Definition 8.5.1.
Let \(E\) be a Banach space and \(A \in \L(E)\text{.}\) The spectrum of \(A\text{,}\) denoted \(\sigma(A)\) is the set
\begin{equation*}
\sigma(A) = \{\la \in \C : \la I - A \text{ is not invertible.}\}
\end{equation*}
Section 8.5 The spectrum
If \(A\) is an \(n \times n\) complex matrix, then \(A\) has at least one eigenvalue. That is, there exists \(\la \in \C\) such that \(Av = \la v\) for some non-zero vector \(v \in \C^n\text{.}\) The spectrum of a matrix, denoted \(\sigma(A)\) is the set consisting of its eigenvalues. The spectrum of a matrix is used to study its structure and behavior as a linear map. We’d like to extend the notion of spectrum to the infinite dimensional setting, so we’ll take a moment to look at how we find it for matrices. In elementary linear algebra, we learn that the eigenvalues of \(A\) are the solutions to the equation \(\det(A - \la I) = 0\text{.}\) Of course what we’re actually measuring with this equation is the (lack of) invertibility of the operator \(A - \la I\text{,}\) which we could also encode geometrically with the condition that \(\ker (A - \la I) \neq \{0\}\text{.}\) Since determinants aren’t all that useful or easy to define in the infinite dimensional setting, we’ll use these to define the spectum of an operator.
Definition 8.5.2.
The resolvent set of \(A \in \L(\HH)\text{,}\) denoted \(\rho(A)\text{,}\) is the set of complex numbers \(\la\) so that \(\la I - A\) is invertible.

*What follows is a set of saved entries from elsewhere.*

lemma weight_hpd: "hpd weight"
proof -
  have Sg_inv: "hpd (matrix_inv Sg)"
    by (rule hpd_matrix_inv[OF Sg_hpd])
  then have "hermitian weight"
    by (simp add: hpd_def hermitian_def weight_def cadj_matrix_mult matrix_mul_assoc)
  moreover have "Re (qform weight v) > 0" if "v \<noteq> 0" for v
  proof -
    have "(Sg + S) *v v \<noteq> 0"
      using that invertible_mv_eq_iff[OF invertible_Sg_add_S, of v 0] by simp
    then show ?thesis
      using Sg_inv by (simp add: qform_weight hpd_Re_qform_pos)
  qed
  ultimately show ?thesis
    by (simp add: hpd_def hermitian_Im_qform)
qed

lemma weight_energy_identity:
  "qform weight v = qform weight (iteration_matrix *v v) + 2 * qform (P + cadj P) (half_step v)"
proof -
  have herm: "hermitian Sg" and inv: "invertible Sg"
    using Sg_hpd hpd_invertible by (auto simp: hpd_def)
  have "qform (S + cadj S) v = 0"
    using S_skew by (simp add: skew_hermitian_def qform_def)
  then have "qform weight v = qform (matrix_inv Sg) ((Sg - S) *v v)"
    using qform_inv_add_diff[OF herm inv, of S v] by (simp add: qform_weight)
  also have "\<dots> = qform (matrix_inv Sg) ((Sg + P) *v half_step v)"
    by (simp add: half_step_eq)
  also have "\<dots> = qform weight (iteration_matrix *v v) + 2 * qform (P + cadj P) (half_step v)"
    by (simp add: qform_inv_add_diff[OF herm inv] qform_weight iteration_matrix_eq)
  finally show ?thesis .
qed
lemma card_circles_one_turnback_diff:
  assumes "c < length w" "\<not> snd (w ! c)"
  defines "j \<equiv> fst (w ! c)"
  shows "card (circles n w (braidlike w - {c}) - circles n w (braidlike w)) = 1"
    and "card (circles n w (braidlike w) - circles n w (braidlike w - {c})) = 2"
proof -
  let ?L = "length w"
  have j: "1 \<le> j" "j < n" using letter_bounds[OF assms(1)] by (simp_all add: j_def)
  have ne: "strand_circle ?L a \<noteq> turnback_circle ?L j" for a
    using strand_circle_neq_turnback_circle[OF word_nonempty j(1)] .
  have inj: "strand_circle ?L a = strand_circle ?L b \<longleftrightarrow> a = b" for a b
    using strand_circle_inject[OF word_nonempty] .
  have "circles n w (braidlike w - {c}) - circles n w (braidlike w) = {turnback_circle ?L j}"
    unfolding circles_one_turnback[OF assms(1,2)] circles_braidlike j_def[symmetric] using ne by auto
  then show "card (circles n w (braidlike w - {c}) - circles n w (braidlike w)) = 1" by simp
  have "circles n w (braidlike w) - circles n w (braidlike w - {c}) =
      {strand_circle ?L (j - 1), strand_circle ?L j}"
    unfolding circles_one_turnback[OF assms(1,2)] circles_braidlike j_def[symmetric]
    using ne inj j by auto
  moreover have "strand_circle ?L (j - 1) \<noteq> strand_circle ?L j" using inj j(1) by simp
  ultimately show "card (circles n w (braidlike w) - circles n w (braidlike w - {c})) = 2" by simp
qed

lemma dcoef_one_turnback_iff:
  assumes c0: "c0 < length w" "w ! c0 = (i, False)" and no_positive: "(i, True) \<notin> set w"
    and y: "y \<in> gens n w"
  shows "dcoef n w (braidlike w - {c0}, circles n w (braidlike w - {c0})) y \<longleftrightarrow> y = psi n w"
proof -
  let ?s0 = "braidlike w - {c0}"
  have neg: "\<not> snd (w ! c0)" using c0(2) by simp
  have bl: "braidlike w = insert c0 ?s0" using c0 by (auto simp: braidlike_def)
  have split: "dcoef n w (?s0, circles n w ?s0) (braidlike w, M) \<longleftrightarrow> M = circles n w (braidlike w)"
    if "M \<subseteq> circles n w (braidlike w)" for M
    using dcoef_split_all_minus[where c = c0 and s = ?s0 and M' = M] card_circles_one_turnback_diff[OF c0(1) neg] c0(1) that bl
    by simp
  obtain s' M' where y': "y = (s', M')" "M' \<subseteq> circles n w s'" using y by (auto simp: gens_def)
  show ?thesis
  proof
    assume d: "dcoef n w (?s0, circles n w ?s0) y"
    then obtain c where c: "c < length w" "c \<notin> ?s0" "s' = insert c ?s0"
      unfolding y' dcoef_def by blast
    show "y = psi n w"
    proof (cases "c = c0")
      case True
      then show ?thesis using d split y' c(3) bl psi_eq by simp
    next
      case False
      then have pos: "snd (w ! c)" using c by (auto simp: braidlike_def)
      let ?j = "fst (w ! c)"
      interpret turnback_resolution n w ?s0 c0
        by unfold_locales (use c0 in \<open>auto simp: braidlike_def\<close>)
      have "w ! c = (?j, True)" using pos by (metis prod.collapse)
      then have "?j \<noteq> i" using no_positive c(1) nth_mem by metis
      then have "((c, ?j - 1), (c, ?j)) \<notin> conn n w ?s0"
        using adjacent_strands_disconnected c(1) letter_bounds[OF c(1)] c0(2) by simp
      moreover have "((c, ?j - 1), (c, ?j)) \<in> conn n w s'"
        using c pos by (intro edge_in_conn edge_turnback) auto
      ultimately show ?thesis
        using d dcoef_merge_all_minus c(1) letter_bounds[OF c(1)] unfolding y'
        by (auto simp: nodes_def)
    qed
  next
    assume "y = psi n w"
    then show "dcoef n w (?s0, circles n w ?s0) y" using split psi_eq by simp
  qed
qed

lemma bounds_in_one_turnback:
  assumes c0: "c0 < length w" "w ! c0 = (i, False)" and no_positive: "(i, True) \<notin> set w"
  shows "bounds_in n w (2 - int n)"
proof -
  let ?x = "(braidlike w - {c0}, circles n w (braidlike w - {c0}))"
  have neg: "\<not> snd (w ! c0)" using c0(2) by simp
  have x: "?x \<in> gens n w" by (auto simp: gens_def braidlike_def)
  have "psi n w \<in> gens n w" using psi_eq by (auto simp: gens_def braidlike_def)
  then have "kd n w {?x} = {psi n w}"
    using kd_singleton[OF x] dcoef_one_turnback_iff[OF c0 no_positive] by blast
  then show ?thesis
    using x kgr_one_turnback_all_minus[OF c0(1) neg] unfolding bounds_in_def
    by (intro exI[of _ "{?x}"]) auto
qed

end

theorem mainTheorem7:
  fixes n :: nat and w :: "(nat \<times> bool) list" and i :: nat
  assumes "\<forall>l \<in> set w. 1 \<le> fst l \<and> fst l < n"
    and "1 \<le> i" and "i < n"
    and "(i, False) \<in> set w" and "(i, True) \<notin> set w"
  shows "kappa n w = 2"
proof -
  obtain c0 where c0: "c0 < length w" "w ! c0 = (i, False)"
    using assms(4) by (metis in_set_conv_nth)
  interpret braid_closure n w
    using assms(1) c0(1) by unfold_locales auto
  have least: "bounds_in n w (2 - int n)"
    using bounds_in_one_turnback[OF c0 assms(5)] .
  then have "Inf {k. bounds_in n w k} = 2 - int n"
    using bounds_in_ge by (intro cInf_eq_minimum) auto
  then show ?thesis using least unfolding kappa_def by auto
qed

end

Given \(A \in \L(E)\text{,}\) we have that \(\sigma(A)\) is non-empty. (Else, the map \(\la \mapsto (\la I - A)\inv\) would be a bounded, non-constant, entire \(\L(E)\)-valued map, which would violate a version of Liouville’s theorem). If \(E\) is finite dimensional, then \(\sigma(A)\) consists of the eigenvalues of \(A\text{.}\) We can still use the term eigenvalue in the infinite dimensional setting in the exact same way as the finite case. Notice though that operators need not possess eigenvalues. For example, the shift operator \(S\) acting on \(\ell^2\) has no eigenvalues. (Exercise). On the other hand, since \(S\) isn’t invertible, \(0 \in \sigma(A)\text{.}\) This illustrates the significantly more complex situation that occurs in infinite dimensions. Notice that if \(\la\) is an eigenvalue of \(A\text{,}\) then \(\la \in \sigma(A)\text{.}\)
1
en.wikipedia.org/wiki/Liouville%27s_theorem_(complex_analysis)The proof of the following result, analogous to the finite case, is left as an easy exercise.
Proposition 8.5.3.
If \(A \in \L(E)\) is a Hermitian operator on a Hilbert space \(\hilbert\text{,}\) and \(\la\) is an eigenvalue of \(A\text{,}\) then \(\la \in \R\text{.}\)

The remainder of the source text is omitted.